--- DATA SECTION ---

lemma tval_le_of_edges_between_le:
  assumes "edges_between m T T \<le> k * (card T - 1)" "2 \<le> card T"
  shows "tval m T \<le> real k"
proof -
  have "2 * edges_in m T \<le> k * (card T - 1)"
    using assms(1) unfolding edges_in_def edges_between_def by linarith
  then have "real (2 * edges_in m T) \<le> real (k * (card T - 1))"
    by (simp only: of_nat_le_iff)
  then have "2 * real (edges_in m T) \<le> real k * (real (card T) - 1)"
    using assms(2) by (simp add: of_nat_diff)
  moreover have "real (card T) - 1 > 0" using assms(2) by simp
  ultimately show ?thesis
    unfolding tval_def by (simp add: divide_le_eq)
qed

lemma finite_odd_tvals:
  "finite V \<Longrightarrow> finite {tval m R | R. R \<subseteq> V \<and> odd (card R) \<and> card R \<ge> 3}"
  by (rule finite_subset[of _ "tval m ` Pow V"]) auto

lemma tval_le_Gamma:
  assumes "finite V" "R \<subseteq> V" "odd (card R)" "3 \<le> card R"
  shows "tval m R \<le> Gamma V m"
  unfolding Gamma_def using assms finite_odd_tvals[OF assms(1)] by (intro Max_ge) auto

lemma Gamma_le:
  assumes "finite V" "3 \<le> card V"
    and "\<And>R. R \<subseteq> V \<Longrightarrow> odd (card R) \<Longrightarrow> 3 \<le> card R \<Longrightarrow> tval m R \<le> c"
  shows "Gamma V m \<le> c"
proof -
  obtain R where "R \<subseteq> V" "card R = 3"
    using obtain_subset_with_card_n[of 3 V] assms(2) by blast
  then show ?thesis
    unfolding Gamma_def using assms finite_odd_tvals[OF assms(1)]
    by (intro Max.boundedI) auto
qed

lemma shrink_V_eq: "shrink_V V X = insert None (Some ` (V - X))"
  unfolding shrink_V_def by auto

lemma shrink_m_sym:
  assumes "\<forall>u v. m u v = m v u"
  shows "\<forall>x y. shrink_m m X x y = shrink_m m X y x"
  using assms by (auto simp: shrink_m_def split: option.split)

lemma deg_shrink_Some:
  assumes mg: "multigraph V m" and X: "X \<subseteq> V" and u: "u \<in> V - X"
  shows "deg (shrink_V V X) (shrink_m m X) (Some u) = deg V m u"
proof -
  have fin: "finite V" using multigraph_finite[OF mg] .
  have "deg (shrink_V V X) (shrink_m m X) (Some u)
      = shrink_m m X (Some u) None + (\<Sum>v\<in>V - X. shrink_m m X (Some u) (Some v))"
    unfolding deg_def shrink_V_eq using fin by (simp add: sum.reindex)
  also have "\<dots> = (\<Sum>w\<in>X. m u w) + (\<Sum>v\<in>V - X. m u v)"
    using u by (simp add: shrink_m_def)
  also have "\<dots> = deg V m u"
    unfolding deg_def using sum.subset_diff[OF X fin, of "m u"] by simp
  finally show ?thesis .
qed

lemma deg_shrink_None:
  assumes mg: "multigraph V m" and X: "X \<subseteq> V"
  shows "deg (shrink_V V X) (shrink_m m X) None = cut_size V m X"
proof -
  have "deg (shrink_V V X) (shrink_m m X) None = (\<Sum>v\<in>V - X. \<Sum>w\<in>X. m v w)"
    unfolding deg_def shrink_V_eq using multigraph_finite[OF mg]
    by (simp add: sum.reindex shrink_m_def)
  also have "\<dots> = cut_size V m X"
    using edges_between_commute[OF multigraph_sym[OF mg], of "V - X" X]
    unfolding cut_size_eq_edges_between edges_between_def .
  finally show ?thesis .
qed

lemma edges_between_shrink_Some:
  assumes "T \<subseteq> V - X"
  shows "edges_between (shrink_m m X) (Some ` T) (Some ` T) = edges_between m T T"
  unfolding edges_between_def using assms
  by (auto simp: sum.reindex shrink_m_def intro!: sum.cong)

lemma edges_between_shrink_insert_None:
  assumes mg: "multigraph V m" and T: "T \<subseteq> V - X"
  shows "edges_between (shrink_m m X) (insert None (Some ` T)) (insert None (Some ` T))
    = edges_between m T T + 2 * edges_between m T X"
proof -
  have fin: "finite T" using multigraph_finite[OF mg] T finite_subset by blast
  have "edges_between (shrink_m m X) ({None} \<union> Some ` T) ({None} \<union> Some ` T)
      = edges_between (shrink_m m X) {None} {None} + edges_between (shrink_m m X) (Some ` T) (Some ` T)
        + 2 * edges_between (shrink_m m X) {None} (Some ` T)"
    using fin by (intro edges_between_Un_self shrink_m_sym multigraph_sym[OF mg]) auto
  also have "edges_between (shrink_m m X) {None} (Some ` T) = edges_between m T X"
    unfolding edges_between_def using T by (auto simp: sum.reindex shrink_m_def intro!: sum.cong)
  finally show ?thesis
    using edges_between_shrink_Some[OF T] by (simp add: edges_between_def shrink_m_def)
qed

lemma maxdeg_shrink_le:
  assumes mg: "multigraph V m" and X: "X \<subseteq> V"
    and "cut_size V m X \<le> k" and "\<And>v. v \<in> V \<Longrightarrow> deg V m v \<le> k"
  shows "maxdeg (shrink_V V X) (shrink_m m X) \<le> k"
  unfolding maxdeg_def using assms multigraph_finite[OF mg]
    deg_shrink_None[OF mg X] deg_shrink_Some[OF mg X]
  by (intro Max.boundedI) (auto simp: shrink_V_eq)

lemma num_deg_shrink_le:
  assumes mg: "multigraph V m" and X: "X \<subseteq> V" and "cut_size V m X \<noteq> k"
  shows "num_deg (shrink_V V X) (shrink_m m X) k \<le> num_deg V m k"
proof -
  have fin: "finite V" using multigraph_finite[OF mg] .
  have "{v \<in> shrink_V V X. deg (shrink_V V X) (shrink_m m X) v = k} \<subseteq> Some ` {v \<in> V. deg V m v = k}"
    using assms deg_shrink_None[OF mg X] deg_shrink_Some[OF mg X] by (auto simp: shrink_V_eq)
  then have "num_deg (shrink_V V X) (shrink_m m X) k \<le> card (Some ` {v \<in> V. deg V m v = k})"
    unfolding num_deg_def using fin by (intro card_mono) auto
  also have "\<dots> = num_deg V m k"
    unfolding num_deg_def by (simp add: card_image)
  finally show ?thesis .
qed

---

Each line from the one with "unfolding num_deg_def using" through the last line of the records must be written out word for word. Include nothing else.

EXPECTED OUTPUT ▸
    unfolding num_deg_def using fin by (intro card_mono) auto
  also have "\<dots> = num_deg V m k"
    unfolding num_deg_def by (simp add: card_image)
  finally show ?thesis .
qed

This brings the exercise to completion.